![American Afterlife](https://dl.bookem.ir/covers/ISBN13/9780820346892.jpg)
American Afterlife
Encounters in the Customs of Mourning
- اطلاعات
- نقد و بررسی
- دیدگاه کاربران
نقد و بررسی
![Publisher's Weekly](https://images.contentreserve.com/pw_logo.png)
December 23, 2013
As radio reporter and producer Sweeney notes in this unsettling, compassionate volume on American mourning customs, death was once a ubiquitous part of American life; the Victorians raised mourning to an art form. To capture America's relationship to death today, Sweeney offers trivia and history (the term "casket" is an American invention), taking readers from the Museum of Funeral Customs in Springfield, Ill., to Oakland Cemetery in Atlanta, Ga., where she recounts the rise of the modern cemetery. She explores the new "green" funeral movement, obituary writing, the funeral urn business, and burial at sea. Readers meet mourners and those in their service: the memorial tattoo artist; the photographer who provides a last memento of newborns taken too soon; a funeral chaplain; and the mother who maintains a roadside memorial to her daughter. In addition, the author discusses larger issues, such as the American obsession with prolonging life at the expense of quality of life, or the remove at which we keep death today. Her stories originate mostly in the South, but have universal relevance. Sweeney writes with a deft touch and with empathy for mourners, whose stories she relays with clarity and care. Photos.

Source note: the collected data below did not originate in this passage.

text \<open>Euclidean algorithm on the first column: \<open>g = T\<^sub>q S g'\<close>, where \<open>g'\<close> has bottom-left entry
  \<open>qc - a\<close>, which is smaller than \<open>c\<close> when \<open>q\<close> is \<open>a/c\<close> rounded.\<close>

lemma SL2ZI_induct [consumes 1, case_names upper L S mneg mmul]:
  assumes "g \<in> SL2ZI"
    and upper: "\<And>t. gauss_int t \<Longrightarrow> Q (mat_upper t)"
    and L: "Q matL"
    and S: "Q matS"
    and mneg: "\<And>g. Q g \<Longrightarrow> Q (mneg g)"
    and mmul: "\<And>g h. g \<in> SL2ZI \<Longrightarrow> h \<in> SL2ZI \<Longrightarrow> Q g \<Longrightarrow> Q h \<Longrightarrow> Q (mmul g h)"
  shows "Q g"
proof -
  obtain a b c e where g: "g = (a, b, c, e)" by (cases g)
  have "(a, b, c, e) \<in> SL2ZI \<Longrightarrow> Q (a, b, c, e)"
  proof (induction "gnorm c" arbitrary: a b c e rule: less_induct)
    case less
    have gauss: "gauss_int a" "gauss_int b" "gauss_int c" "gauss_int e" and det: "a * e - b * c = 1"
      using less.prems by (auto simp: SL2ZI_iff)
    show ?case
    proof (cases "c = 0")
      case True
      then obtain t where t: "gauss_int t" and "(a, b, c, e) \<in>
          {mat_upper t, mneg (mat_upper t), mmul (mat_upper t) matL, mneg (mmul (mat_upper t) matL)}"
        using less.prems upper_triangular_cases by blast
      moreover have "Q (mmul (mat_upper t) matL)"
        using mmul[OF _ _ upper[OF t] L] t by simp
      ultimately show ?thesis
        using upper[OF t] by (elim insertE emptyE) (simp_all add: mneg)
    next
      case False
      define q where "q = gauss_round (a / c)"
      let ?g' = "(c, e, q * c - a, q * e - b)"
      have "?g' \<in> SL2ZI" using gauss det by (simp add: SL2ZI_iff q_def algebra_simps)
      moreover have "Q ?g'"
        using less.hyps[OF _ \<open>?g' \<in> SL2ZI\<close>] gnorm_euclid_step[OF False gauss(3,1)] by (simp add: q_def)
      moreover have "(a, b, c, e) = mmul (mmul (mat_upper q) matS) ?g'"
        by (simp add: mat_defs)
      moreover have "gauss_int q" by (simp add: q_def)
      ultimately show ?thesis
        by (metis SL2ZI_generators SL2ZI_mmul S upper mmul)
    qed
  qed
  then show ?thesis using assms(1) g by simp
qed

lemma proj_mneg: "proj (mneg g) = proj g"
  by (auto simp: proj_def)

lemma pmul_proj: "pmul (proj g) (proj h) = proj (mmul g h)"
proof (intro set_eqI iffI)
  fix z
  assume "z \<in> pmul (proj g) (proj h)"
  then obtain x y where "z = mmul x y" "x \<in> {g, mneg g}" "y \<in> {h, mneg h}"
    unfolding pmul_def proj_def by blast
  then show "z \<in> proj (mmul g h)"
    by (auto simp: proj_def mmul_mneg_left mmul_mneg_right)
next
  fix z
  assume "z \<in> proj (mmul g h)"
  then have "z = mmul g h \<or> z = mmul (mneg g) h"
    by (auto simp: proj_def mmul_mneg_left)
  then show "z \<in> pmul (proj g) (proj h)"
    unfolding pmul_def proj_def by blast
qed

lemma proj_in_PSL2ZI: "g \<in> SL2ZI \<Longrightarrow> proj g \<in> PSL2ZI"
  by (simp add: PSL2ZI_def)

lemma PSL2ZI_cases:
  assumes "X \<in> PSL2ZI"
  obtains g where "g \<in> SL2ZI" "X = proj g"
  using assms by (auto simp: PSL2ZI_def)

lemma pslash_proj: "pslash k P (proj g) = slash k P g"
proof -
  have "(SOME x. x \<in> proj g) \<in> proj g" by (rule someI[of _ g]) (simp add: proj_def)
  then show ?thesis by (auto simp: pslash_def proj_def slash_mneg)
qed

section \<open>Parabolic cocycles\<close>

lemma Cp_mmul:
  assumes "F \<in> Cp k" "g \<in> SL2ZI" "h \<in> SL2ZI"
  shows "F (proj (mmul g h)) = slash k (F (proj g)) h + F (proj h)"
proof -
  have "F (pmul (proj g) (proj h)) = (\<lambda>m n. pslash k (F (proj g)) (proj h) m n + F (proj h) m n)"
    using assms proj_in_PSL2ZI unfolding Cp_def by blast
  then show ?thesis by (simp add: pmul_proj pslash_proj plus_fun_def)
qed

lemma Cp_in_Vkk: "F \<in> Cp k \<Longrightarrow> g \<in> SL2ZI \<Longrightarrow> F (proj g) \<in> Vkk k"
  using proj_in_PSL2ZI unfolding Cp_def by blast

lemma Cp_outside: "F \<in> Cp k \<Longrightarrow> X \<notin> PSL2ZI \<Longrightarrow> F X = 0"
  unfolding Cp_def by (auto simp: zero_fun_def)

![Kirkus](https://images.contentreserve.com/kirkus_logo.png)
February 15, 2014
Intriguing, eccentric swatches of everyday Americans grappling with the intricacies of death. Developed from her master's thesis, Atlanta-based radio host and producer Sweeney's compassionate and intermittently eldritch exploration of the grieving process spotlights passages from all facets of contemporary life. The author's almost apologetic explanation of why she became so fascinated with "the entire American landscape of mourning" is needless as the book incrementally reveals itself as an amiably written slideshow about the choices we make while in the grips of grief. The author escorts readers through the now-shuttered Museum of Funeral Customs in Springfield, Ill., where antique caskets and funereal Victorian fashions were on grim display. Sweeney never strays too far from her Southern homeland and introduces professionals for which death and mourning provides their livelihood. She features a tattoo artist who deifies the dead through body art; a photographer specializing in the commemoration of infant deaths; and a dedicated, diligent obituary writer. The author also delivers an astute assessment of the highly competitive urn manufacturing market that is at odds with the lucrative, marked-up funeral business. Divinely ornate burial grounds are a lost art, Sweeney attests in a chapter on the decline of the cemetery, and the author makes an engaging tour guide of Atlanta's Oakland Cemetery, founded in 1850, the nation's first biodegradable "green-burial" graveyard. She also documents burial-at-sea ceremonies via artificial reef balls containing cremated remains. Respectfully illuminating both the ludicrousness and the significance of mourning and its accompanying memorialization rituals, Sweeney reports the unsavory details alongside the poignancy of grief and sorrow. Written with the grim wit and appreciation of investigative reporter Mary Roach, the author delivers informative history on the murky business of death. A considerate exploration of mourning, just haunting enough to attract those with a penchant for macabre oddities.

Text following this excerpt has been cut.